Photograph by John Brinton Hogan
Grey Goose: Anya's 'Miss Halfway' appears in an elevator scene between love-locked doctors on 'Grey's Anatomy.'

All of Me

A singer/songwriter isn't all that Anya Marina is


By Todd Inoue

Anya Marina remembers her least favorite heckler: "Someone said, 'GET OFF THE STAGE, YOU WHORE!' When I tried to see who it was, the woman vomited on herself and was escorted out of the club."

Numbskulls drunk on liquid courage find live performers regularly, and Anya Marina says she would rather educate than get physical. "I wanted to challenge her to come onstage and do a song with me," she says. "It cracks me up when people get drunk and criticize me, or are comfortable criticizing people who get onstage. Why don't you get onstage and be halfway captivating. If you're going to criticize, you better be better than me."

Challengers dare not step up to Marina. Her strength—using sharp humor to encourage schadenfreude—is concentrated. Songs like "Miss Halfway" and "Try It and Like It" are filled with smarty-pants observation, wasabi-blast clarity and quirky brilliance. Fans of Juliana Hatfield, artist Adrian Tomine and The Onion could find things to like in Anya Marina.

Raised in Cupertino, Marina made music with goth muses Andalusia during the mid-'90s before leaving the South Bay for San Diego in 1998. She took a job at a commercial radio station and made friends within the music community (including Jason Mraz, who played her birthday party). She still works in radio, doing the daytime shift at classic alternative station KBZT. "In San Diego, there's a cohesive scene, though people who live here will bitch about it. I feel like I stepped into town and made 20 friends, and they had 40 friends who would go to your shows. I felt like I got lucky; the music scene is really tight here and the quality of music is great."

Most musicians barely earn enough to buy a Taco Bravo burrito from their music. Marina supplements her income by getting her music in movies and television shows. Grey's Anatomy recently cut her a check for the use of "Miss Halfway" in the Nov. 13 episode. Marina also lends her wispy pipes for movie voice-over looping. Her headless vocals have been heard in Sideways, Anger Management and The Hot Chick. She just finished her latest job in the upcoming Adam Sandler movie, Click, about a man who finds a remote control that can fast-forward and rewind different parts of his life.

"I've played a Jewish mother, an uptight secretary, a lot of children," she says. "It pays the rent. The residual checks are the best.
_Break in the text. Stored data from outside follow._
text \<open>Markov's inequality: the expected weighted count of the events A k grows only like q
  times the total weight, so with 4 K q \<le> c the sums eventually exceed B with probability at
  least 1/2.\<close>
lemma (in prob_space) prob_weighted_sums_bounded_le_half:
  fixes A :: "nat \<Rightarrow> 'a set" and w :: "nat \<Rightarrow> real"
  assumes A[measurable]: "\<And>k. A k \<in> events" and small: "\<And>k. L \<le> k \<Longrightarrow> prob (A k) \<le> q"
    and w: "\<And>k. 0 \<le> w k" and diverges: "filterlim (\<lambda>n. \<Sum>k<n. w k) at_top sequentially"
    and c: "0 < c" and K: "0 < K" and Kq: "4 * K * q \<le> c"
  shows "prob {x\<in>space M. \<forall>n. (\<Sum>k<n. (c - K * indicator (A k) x) * w k) \<le> B} \<le> 1/2"
proof -
  define H where "H n = (\<Sum>k<n. w k)" for n
  define Q where "Q n x = (\<Sum>k<n. indicator (A k) x * w k)" for n x
  have [measurable]: "Q n \<in> borel_measurable M" for n unfolding Q_def by measurable
  define W0 where "W0 = (\<Sum>k<L. w k)"
  have W0: "0 \<le> W0" using w by (simp add: W0_def sum_nonneg)
  have sum_eq: "(\<Sum>k<n. (c - K * indicator (A k) x) * w k) = c * H n - K * Q n x" for n x
  proof -
    have "(\<Sum>k<n. (c - K * indicator (A k) x) * w k)
        = (\<Sum>k<n. c * w k - K * (indicator (A k) x * w k))"
      by (intro sum.cong) (auto simp: algebra_simps)
    then show ?thesis by (simp only: sum_subtractf sum_distrib_left H_def Q_def)
  qed
  obtain n where n: "(4 * K * W0 + 2 * \<bar>B\<bar> + 1) / c \<le> H n"
    using diverges unfolding filterlim_at_top H_def eventually_sequentially by blast
  then have cH: "4 * K * W0 + 2 * \<bar>B\<bar> + 1 \<le> c * H n" using c by (simp add: field_simps)
  define a where "a = (c * H n - B) / K"
  have "0 \<le> K * W0" using K W0 by simp
  then have "0 < c * H n - B" using cH by linarith
  then have a: "0 < a" using K by (simp add: a_def)
  have "{x\<in>space M. \<forall>n. (\<Sum>k<n. (c - K * indicator (A k) x) * w k) \<le> B}
      \<subseteq> {x\<in>space M. a \<le> Q n x}"
  proof safe
    fix x assume "x \<in> space M" and "\<forall>n. (\<Sum>k<n. (c - K * indicator (A k) x) * w k) \<le> B"
    then have "c * H n - K * Q n x \<le> B" unfolding sum_eq by blast
    then have "c * H n - B \<le> K * Q n x" by linarith
    then show "a \<le> Q n x" using K by (simp add: a_def pos_divide_le_eq mult.commute)
  qed
  then have "prob {x\<in>space M. \<forall>n. (\<Sum>k<n. (c - K * indicator (A k) x) * w k) \<le> B}
      \<le> prob {x\<in>space M. a \<le> Q n x}"
    by (rule finite_measure_mono) measurable
  also have "\<dots> \<le> (W0 + q * H n) / a"
    unfolding Q_def H_def W0_def by (rule prob_weighted_indicator_sum_ge_le[OF A small w a])
  also have "\<dots> \<le> 1/2"
  proof -
    have "0 \<le> H n" using w by (simp add: H_def sum_nonneg)
    then have "4 * K * q * H n \<le> c * H n" using Kq by (rule mult_right_mono[rotated])
    then have "2 * K * q * H n \<le> c * H n / 2" by simp
    then have "2 * K * (W0 + q * H n) \<le> c * H n - B" using cH by (simp add: algebra_simps)
    then show ?thesis using a K by (simp add: a_def field_simps)
  qed
  finally show ?thesis .
qed

lemma (in prob_space) not_AE_bdd_above_weighted_sums:
  fixes A :: "nat \<Rightarrow> 'a set" and w :: "nat \<Rightarrow> real"
  assumes A[measurable]: "\<And>k. A k \<in> events" and small: "\<And>k. L \<le> k \<Longrightarrow> prob (A k) \<le> q"
    and w: "\<And>k. 0 \<le> w k" and diverges: "filterlim (\<lambda>n. \<Sum>k<n. w k) at_top sequentially"
    and c: "0 < c" and K: "0 < K" and Kq: "4 * K * q \<le> c"
  shows "\<not> (AE x in M. bdd_above (range (\<lambda>n. \<Sum>k<n. (c - K * indicator (A k) x) * w k)))"
proof
  define S where "S n x = (\<Sum>k<n. (c - K * indicator (A k) x) * w k)" for n x
  define BM where "BM m = {x\<in>space M. \<forall>n. S n x \<le> real m}" for m :: nat
  have [measurable]: "BM m \<in> events" for m unfolding BM_def S_def by measurable
  have "incseq BM"
    by (intro monoI) (auto simp: BM_def intro: order_trans of_nat_mono)
  then have "(\<lambda>m. prob (BM m)) \<longlonglongrightarrow> prob (\<Union>m. BM m)"
    by (intro finite_Lim_measure_incseq) auto
  moreover have "prob (BM m) \<le> 1/2" for m
    unfolding BM_def S_def by (rule prob_weighted_sums_bounded_le_half[OF assms])
  ultimately have half: "prob (\<Union>m. BM m) \<le> 1/2" by (intro LIMSEQ_le_const2) auto
  assume "AE x in M. bdd_above (range (\<lambda>n. \<Sum>k<n. (c - K * indicator (A k) x) * w k))"
  from this AE_space have "AE x in M. x \<in> (\<Union>m. BM m)"
  proof eventually_elim
    case (elim x)
    then obtain B where "\<And>n. S n x \<le> B" by (auto simp: bdd_above_def S_def)
    then have "\<forall>n. S n x \<le> real (nat \<lceil>B\<rceil>)" by (meson of_nat_ceiling order.trans real_nat_ceiling_ge)
    with elim show ?case by (auto simp: BM_def)
  qed
  then have "prob (\<Union>m. BM m) = 1" by (subst AE_in_set_eq_1[symmetric]) auto
  with half show False by simp
qed

lemma (in prob_space) distr_stream_space_snth: "distr (stream_space M) M (\<lambda>\<omega>. \<omega> !! i) = M"
proof -
  have M: "prob_space M" by (rule prob_space_axioms)
  interpret product_prob_space "\<lambda>_. M" UNIV ..
  have "distr (stream_space M) M (\<lambda>\<omega>. \<omega> !! i)
      = distr (distr (\<Pi>\<^sub>M i\<in>UNIV. M) (stream_space M) to_stream) M (\<lambda>\<omega>. \<omega> !! i)"
    by (subst stream_space_eq_distr) (rule refl)
  also have "\<dots> = distr (\<Pi>\<^sub>M i\<in>UNIV. M) M (\<lambda>X. X i)"
    by (subst distr_distr) (auto simp: comp_def to_stream_def)
  also have "\<dots> = M"
    by (rule distr_PiM_component) (auto intro: M)
  finally show ?thesis .
qed

lemma (in prob_space) measure_stream_space_snth:
  assumes "A \<in> events"
  shows "measure (stream_space M) {\<omega>\<in>space (stream_space M). \<omega> !! i \<in> A} = prob A"
  using measure_distr[of "\<lambda>\<omega>. \<omega> !! i" "stream_space M" M A] assms
  by (simp add: distr_stream_space_snth vimage_def Int_def conj_commute)

lemma sets_stream_space_snth:
  assumes "A \<in> sets M"
  shows "{\<omega>\<in>space (stream_space M). \<omega> !! i \<in> A} \<in> sets (stream_space M)"
  using measurable_sets[OF measurable_snth assms, of i] by (simp add: vimage_def Int_def conj_commute)

lemma sets_hit_recently [measurable]:
  "{\<omega>. hit_recently L C ((!!) \<omega>) t} \<in> sets (stream_space (measure_pmf D))"
proof -
  have "{\<omega>. hit_recently L C ((!!) \<omega>) t}
      = (if t < L then space (stream_space (measure_pmf D))
         else (\<Union>i\<in>{t - L..<t}. {\<omega>\<in>space (stream_space (measure_pmf D)). \<omega> !! i \<in> {C}}))"
    by (auto simp: hit_recently_def space_stream_space)
  also have "\<dots> \<in> sets (stream_space (measure_pmf D))"
    by (auto intro!: sets_stream_space_snth)
  finally show ?thesis .
qed

lemma prob_hit_recently_le:
  assumes "pmf D C \<le> p" "L \<le> t"
  shows "measure (stream_space (measure_pmf D)) {\<omega>. hit_recently L C ((!!) \<omega>) t} \<le> real L * p"
proof -
  let ?S = "stream_space (measure_pmf D)"
  have "measure ?S {\<omega>. hit_recently L C ((!!) \<omega>) t}
      = measure ?S (\<Union>i\<in>{t - L..<t}. {\<omega>\<in>space ?S. \<omega> !! i \<in> {C}})"
    using assms(2) by (intro arg_cong[where f = "measure ?S"])
      (auto simp: hit_recently_def space_stream_space)
  also have "\<dots> \<le> (\<Sum>i\<in>{t - L..<t}. measure ?S {\<omega>\<in>space ?S. \<omega> !! i \<in> {C}})"
    by (intro measure_UNION_le) (auto intro!: sets_stream_space_snth)
  also have "\<dots> = (\<Sum>i\<in>{t - L..<t}. pmf D C)"
  proof (intro sum.cong refl)
    fix i
    show "measure ?S {\<omega>\<in>space ?S. \<omega> !! i \<in> {C}} = pmf D C"
      using measure_pmf.measure_stream_space_snth[where A = "{C}" and i = i]
      by (simp add: measure_pmf_single)
  qed
  also have "\<dots> \<le> real L * p" using assms by (simp add: mult_left_mono)
  finally show ?thesis .
qed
It's an extra bit of side work."

The irony is that her work as background noise flies against her identity as an acoustic singer/songwriter (a term she hates and reluctantly applies) trying to get her witty odes to love's confusion heard by the masses. She's working on a follow-up to Miss Halfway with a full band accompaniment to add muscle to the sound and maybe shake the singer/songwriter tag.

"The content is immediately different from your basic folk singer," she clarifies. "It's not immediately beautiful. I'm not angry or bitter. It's more of an attitude that's bent—hopefully funny bent—to it all."

She plays solo at the Coffee Society. The cafe on Stevens Creek is familiar territory for Marina. "I'm so excited to be playing there," she says. "I wasted so many years sitting on my ass outside of Coffee Society, wearing wannabe goth gear, striped stockings, my hair dyed dark red and trying to rock the whole goth thing, playing cribbage and smoking cloves. I found my first boyfriend and fell in love there. It brings back good feelings."

While most bands might balk at playing such a diminutive spot, considering it a step back in the career trajectory, Marina likes giving back to a place that brought her some of her most important life moments and lyrical inspiration. It's a safe harbor with old friends, familiar sights and good coffee. And nobody will accuse her of being a whore.


Anya Marina plays Feb. 18 at 8pm at Coffee Society, 21265 Stevens Creek Blvd., Cupertino. Life With Jonas also performs. All ages. Anya also appears on KSCU-FM (103.3) at 5pm on Feb. 18. (408.725.8091 or visit www.myspace.com/anyamarina)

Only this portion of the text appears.